AFAIK Azul is pauseless - it never "stops the world". Sure, it stops each thread (that's pretty much required for any synchronization mechanism, especially if you also need to determine the thread's roots), but it never stops all threads at once ("the world").
It never stops the world for full heap collection, but there is a synchronization point where all threads have to check in. This is the only thing required, so you have GC pauses, just really, really small ones. That's why I said, that practically, GC pauses are no longer relevant.
That's not correct. Unless it changed recently, Zing still has safe points as it's basically a fork of HotSpot and HotSpot pauses programs for all kinds of reasons beyond GC.

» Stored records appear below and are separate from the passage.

text \<open>The diagonal factor 1 + a d of a block is 2 for the block of 0 and 1 otherwise.\<close>
lemma diagonal_factors:
  "prod_list (map (\<lambda>(a, d). 1 + a * d) (zip (map blk_a cs) (map blk_d cs)))
     = 2 ^ length (filter (\<lambda>s. s = Z) cs)"
proof (induction cs)
  case (Cons s cs)
  then show ?case by (cases s) (simp_all add: blk_a_def blk_d_def has_plus_def has_minus_def)
qed simp

lemma length_shcode: "length (shcode cs) = length cs"
  by (simp add: shcode_def Let_def)

text \<open>sh keeps the a-part of each block and moves the d-part one position up.\<close>
lemma shcode_params:
  assumes "length cs = m" "m \<ge> 1"
  shows "zip (map blk_a (take (m - 1) (shcode cs))) (map blk_d (take (m - 1) (shcode cs)))
       = zip (butlast (map blk_a cs)) (tl (map blk_d cs))"
proof (rule nth_equalityI)
  fix k assume "k < length (zip (map blk_a (take (m - 1) (shcode cs))) (map blk_d (take (m - 1) (shcode cs))))"
  then have k: "k < m - 1" using assms by (simp add: length_shcode)
  have "has_plus (mk_sym p q) = p" "has_minus (mk_sym p q) = q" for p q
    by (auto simp: mk_sym_def has_plus_def has_minus_def)
  with k assms show "zip (map blk_a (take (m - 1) (shcode cs))) (map blk_d (take (m - 1) (shcode cs))) ! k
      = zip (butlast (map blk_a cs)) (tl (map blk_d cs)) ! k"
    by (simp add: shcode_def Let_def blk_a_def blk_d_def nth_butlast nth_tl)
qed (use assms in \<open>simp add: length_shcode\<close>)

theorem lemma3p3:
  fixes cs :: "bsym list" and m :: nat
  assumes "m \<ge> 1" and "length cs = m"
  shows "(AD_M m (wt (2*m) 2 (bbmat cs)) :: nat) =
           2 ^ length (filter (\<lambda>s. s = Z) cs) * AD_M (m - 1) (wt (2*m) 2 (bbmat (shcode cs)))"
proof -
  let ?as = "map blk_a cs" and ?ds = "map blk_d cs"
  have "int (AD_M m (wt (2*m) 2 (bbmat cs))) = aztec_prod (zip ?as ?ds)"
    using AD_M_bbmat[of m cs] assms(2) by simp
  also have "\<dots> = 2 ^ length (filter (\<lambda>s. s = Z) cs) * aztec_prod (zip (butlast ?as) (tl ?ds))"
    by (subst aztec_prod_shift) (simp_all add: diagonal_factors)
  also have "aztec_prod (zip (butlast ?as) (tl ?ds)) = int (AD_M (m - 1) (wt (2*m) 2 (bbmat (shcode cs))))"
    using AD_M_bbmat[of "m - 1" "shcode cs"] shcode_params[OF assms(2,1)] assms(2)
    by (simp add: length_shcode)
  finally have "int (AD_M m (wt (2*m) 2 (bbmat cs))) =
      int (2 ^ length (filter (\<lambda>s. s = Z) cs) * AD_M (m - 1) (wt (2*m) 2 (bbmat (shcode cs))))"
    by simp
  then show ?thesis by (simp only: of_nat_eq_iff)
qed

end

There's a talk on YouTube where they discuss their work to drive down safe point pause times. They eventually made the pauses so fast it hardly matters, but it wasn't technically completely pauseless.
Yes, Azul's C4 paper states that they do use some "synchronisation" stop-the-world phases (although their previous GCs that had hardware/kernel read barriers might not have), but IIRC Doligez-Leroy GC doesn't (although I'm not sure it was ever properly implemented).
On the other hand, Shenandoah has an explicit synchronisation phase in its algorithm (not sure if that's a fundamental property of the algorithm or just a JVM limitation though). From [0] (that was 2 years ago, things might have improved since, but I can't find a more recent version).
They had synchronization points on the hardware platform as well. The difference is that they had some amount of hardware support that made the thread check-in extremely fast.